From Optimisation to Counterfactual Civilisation
Consider how governance shifts when systems move from static diagnosis to counterfactual simulation.
A traditional government asks which roads to repair this year. An AI-enabled system integrates road conditions, traffic, accident history, and maintenance costs.
The far more interesting system asks:
- What happens if we don’t repair this road?
- Which assets fail next, and how does traffic redistribute?
- What intervention today minimises total infrastructure expenditure over twenty years?
- How do rainfall projections, land-use changes, population growth, and energy grid demands interact?
Suddenly the system isn’t simply diagnosing the city—it is constructing counterfactual futures. The purpose of a digital twin is no longer merely to reconstruct reality, but to test futures before they are imposed upon the physical world.
Observe → Reconstruct → Understand → Simulate → Choose → Intervene → Measure → Learn
The feedback loop gets progressively shorter.
Hastening Utopia
AI can reduce the distance between a desirable future and our ability to discover a feasible pathway toward it.
We know children shouldn’t die from preventable diseases. We know cities shouldn’t flood because drains weren’t maintained. We know water shouldn’t disappear through leakage. We know welfare should reach eligible citizens without friction.

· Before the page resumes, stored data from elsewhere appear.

(* For every circuit $c$ there is a safe circuit $d$ such that $c$ and $d$ are equal modulo $E$.
   Context: A circuit is a morphism of the free symmetric strict monoidal category whose objects are natural numbers (tensor = addition) generated by $\mathsf{discard}:1\to 0$, $\mathsf{copy}:1\to 2$, $\mathsf{zero}:0\to1$, $\mathsf{add}:2\to1$, $\mathsf{one}:0\to 1$, $\mathsf{and}:2\to 1$, considered up to the laws of symmetric monoidal categories. Composition is diagrammatic ($f;g$ = first $f$ then $g$), $\sigma$ is the symmetry $2\to2$, $\mathsf{copy}_n$, $\mathsf{discard}_n$ are the evident composites. $E$ is the set of equations: $\mathsf{copy};\sigma=\mathsf{copy}$; $\mathsf{copy};(\mathsf{copy}\otimes \mathrm{id}_1)=\mathsf{copy};(\mathrm{id}_1\otimes\mathsf{copy})$; $\mathsf{copy};(\mathsf{discard}\otimes\mathrm{id}_1)=\mathrm{id}_1$; for every circuit $f:a\to b$, $f;\mathsf{copy}_b=\mathsf{copy}_a;(f\otimes f)$ and $f;\mathsf{discard}_b=\mathsf{discard}_a$; commutativity, associativity and unit laws for $(\mathsf{add},\mathsf{zero})$ and for $(\mathsf{and},\mathsf{one})$; $\mathsf{copy};\mathsf{and}=\mathrm{id}_1$; $\mathsf{copy};\mathsf{add}=\mathsf{discard};\mathsf{zero}$; and distributivity $(\mathrm{id}_1\otimes\mathsf{add});\mathsf{and}=(\mathsf{copy}\otimes\mathrm{id}_2);(\mathrm{id}_1\otimes\sigma\otimes\mathrm{id}_1);(\mathsf{and}\otimes\mathsf{and});\mathsf{add}$. "Equal modulo $E$" means related by the smallest congruence (w.r.t. composition and tensor) containing $E$; morphisms of the quotient are the boolean circuits, which correspond exactly to boolean functions $\mathbb{Z}_2^a\to\mathbb{Z}_2^b$ (with $\mathsf{add}$ = XOR, $\mathsf{and}$ = AND). View a circuit as a directed graph whose nodes are wires and whose edges go from each input wire of a generator occurrence to each of its output wires. A circuit $c$ is safe if for every occurrence of $\mathsf{and}$ in $c$, there is no input port of $c$ from which both input ports of that $\mathsf{and}$ are reachable by a forward path. *)

theory Defs
  imports Main
begin

datatype gen = Discard | Copy | Zero | Add | One | And

fun gen_dom :: "gen \<Rightarrow> nat" where
  "gen_dom Discard = 1" | "gen_dom Copy = 1" | "gen_dom Zero = 0"
| "gen_dom Add = 2" | "gen_dom One = 0" | "gen_dom And = 2"

fun gen_cod :: "gen \<Rightarrow> nat" where
  "gen_cod Discard = 0" | "gen_cod Copy = 2" | "gen_cod Zero = 1"
| "gen_cod Add = 1" | "gen_cod One = 1" | "gen_cod And = 1"

text \<open>Terms: generators, identities, the symmetry 2 -> 2, diagrammatic composition
  (Seq f g = f;g) and tensor.\<close>
datatype circ = Gen gen | Id nat | Sym | Seq circ circ | Par circ circ

inductive typed :: "circ \<Rightarrow> nat \<Rightarrow> nat \<Rightarrow> bool" where
  "typed (Gen g) (gen_dom g) (gen_cod g)"
| "typed (Id n) n n"
| "typed Sym 2 2"
| "typed f a k \<Longrightarrow> typed g k b \<Longrightarrow> typed (Seq f g) a b"
| "typed f a b \<Longrightarrow> typed g c d \<Longrightarrow> typed (Par f g) (a + c) (b + d)"

text \<open>braid n : 1+n -> n+1 moves the first wire past n wires.\<close>
fun braid :: "nat \<Rightarrow> circ" where
  "braid 0 = Id 1"
| "braid (Suc n) = Seq (Par Sym (Id n)) (Par (Id 1) (braid n))"

fun swap :: "nat \<Rightarrow> nat \<Rightarrow> circ" where
  "swap 0 n = Id n"
| "swap (Suc m) n = Seq (Par (Id 1) (swap m n)) (Par (braid n) (Id m))"

text \<open>copy_n : n -> 2n, with outputs (x_1..x_n, x_1..x_n).\<close>
fun copyn :: "nat \<Rightarrow> circ" where
  "copyn 0 = Id 0"
| "copyn (Suc n) = Seq (Par (Gen Copy) (copyn n)) (Par (Id 1) (Par (braid n) (Id n)))"

fun discardn :: "nat \<Rightarrow> circ" where
  "discardn 0 = Id 0"
| "discardn (Suc n) = Par (Gen Discard) (discardn n)"

inductive eqv :: "circ \<Rightarrow> circ \<Rightarrow> bool" where
  refl: "eqv f f"
| sym: "eqv f g \<Longrightarrow> eqv g f"
| trans: "eqv f g \<Longrightarrow> eqv g h \<Longrightarrow> eqv f h"
| cong_seq: "eqv f f' \<Longrightarrow> eqv g g' \<Longrightarrow> eqv (Seq f g) (Seq f' g')"
| cong_par: "eqv f f' \<Longrightarrow> eqv g g' \<Longrightarrow> eqv (Par f g) (Par f' g')"
| seq_assoc: "typed f a b \<Longrightarrow> typed g b c \<Longrightarrow> typed h c d \<Longrightarrow>
     eqv (Seq (Seq f g) h) (Seq f (Seq g h))"
| seq_idl: "typed f a b \<Longrightarrow> eqv (Seq (Id a) f) f"
| seq_idr: "typed f a b \<Longrightarrow> eqv (Seq f (Id b)) f"
| par_assoc: "typed f a b \<Longrightarrow> typed g c d \<Longrightarrow> typed h e k \<Longrightarrow>
     eqv (Par (Par f g) h) (Par f (Par g h))"
| par_unitl: "typed f a b \<Longrightarrow> eqv (Par (Id 0) f) f"
| par_unitr: "typed f a b \<Longrightarrow> eqv (Par f (Id 0)) f"
| par_id: "eqv (Par (Id m) (Id n)) (Id (m + n))"
| interchange: "typed f a b \<Longrightarrow> typed f' b c \<Longrightarrow> typed g d e \<Longrightarrow> typed g' e k \<Longrightarrow>
     eqv (Seq (Par f g) (Par f' g')) (Par (Seq f f') (Seq g g'))"
| sym_invol: "eqv (Seq Sym Sym) (Id 2)"
| yang_baxter: "eqv (Seq (Seq (Par Sym (Id 1)) (Par (Id 1) Sym)) (Par Sym (Id 1)))
                    (Seq (Seq (Par (Id 1) Sym) (Par Sym (Id 1))) (Par (Id 1) Sym))"
| swap_nat: "typed f a b \<Longrightarrow> typed g c d \<Longrightarrow>
     eqv (Seq (Par f g) (swap b d)) (Seq (swap a c) (Par g f))"
| copy_comm: "eqv (Seq (Gen Copy) Sym) (Gen Copy)"
| copy_assoc: "eqv (Seq (Gen Copy) (Par (Gen Copy) (Id 1))) (Seq (Gen Copy) (Par (Id 1) (Gen Copy)))"
| copy_unit: "eqv (Seq (Gen Copy) (Par (Gen Discard) (Id 1))) (Id 1)"
| copy_nat: "typed f a b \<Longrightarrow> eqv (Seq f (copyn b)) (Seq (copyn a) (Par f f))"
| discard_nat: "typed f a b \<Longrightarrow> eqv (Seq f (discardn b)) (discardn a)"
| add_comm: "eqv (Seq Sym (Gen Add)) (Gen Add)"
| add_assoc: "eqv (Seq (Par (Gen Add) (Id 1)) (Gen Add)) (Seq (Par (Id 1) (Gen Add)) (Gen Add))"
| add_unit: "eqv (Seq (Par (Gen Zero) (Id 1)) (Gen Add)) (Id 1)"
| and_comm: "eqv (Seq Sym (Gen And)) (Gen And)"
| and_assoc: "eqv (Seq (Par (Gen And) (Id 1)) (Gen And)) (Seq (Par (Id 1) (Gen And)) (Gen And))"
| and_unit: "eqv (Seq (Par (Gen One) (Id 1)) (Gen And)) (Id 1)"
| copy_and: "eqv (Seq (Gen Copy) (Gen And)) (Id 1)"
| copy_add: "eqv (Seq (Gen Copy) (Gen Add)) (Seq (Gen Discard) (Gen Zero))"
| distrib: "eqv (Seq (Par (Id 1) (Gen Add)) (Gen And))
     (Seq (Seq (Seq (Par (Gen Copy) (Id 2)) (Par (Id 1) (Par Sym (Id 1))))
               (Par (Gen And) (Gen And))) (Gen Add))"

Many of these are not unresolved philosophical questions. Failures occur because information is fragmented, responsibility is distributed, predictions are weak, budgets are constrained, and institutions move slowly.
These are precisely the constraints intelligence can attack. AI can compress the arc from problem to intervention.
Utopia is not a static destination; it is an increasing velocity at which civilisation can search for better states and navigate conflicting objectives.
The Residual Human Problem
Suppose AI becomes extraordinarily good at discovering Pareto improvements and designing transition pathways. What remains?
The irreducible disagreements.
A forest cannot be both untouched wilderness and physical housing. A secret cannot simultaneously be known and unknown to the state. Present consumption and preservation for future generations will sometimes conflict.
At that boundary, AI can make clear what follows from each choice. But someone still has to choose.
This may ultimately be the primary role of human beings in a world of abundant intelligence: not calculating consequences, but deciding among remaining futures once every avoidable trade-off has been removed.
Intelligence, Judgment, and Responsibility
Anyone can want something, but the deeper scarce resource is responsibility.
The politician’s hardest sentence is not "I have calculated the optimal policy." It is:
"I understand who this choice harms, I understand what alternatives exist, and I still believe this is the future we should choose."
AI can make that statement much more informed. It cannot automatically make it morally legitimate. As the cost of producing possibilities collapses, the burden moves toward choosing among them. And choice creates responsibility.
The Possibility Frontier
In economics, every society operates inside a possibility frontier.
Politics frequently concerns movement along that frontier: choosing more environmental protection but less industrial production, or more public spending but higher taxation.
Technological progress moves the frontier outward. AI moves the frontier in two ways simultaneously: by creating new technologies, and by discovering better configurations of technologies, institutions, and resources we already possess.
When a policymaker is told "you can save the jobs or save the environment," the first response of an intelligence-rich society should be:
Prove that those are the only two possible futures. Search harder. Simulate more. Change the time horizon. Change the financing. Sequence the transition differently. Invent something that changes the constraint.
And only when all of that fails do we confront the genuine moral trade-off.
Intelligence clears away everything we mistakenly thought required judgment. What remains is deciding which future is worth choosing when reality truly will not let us have them all.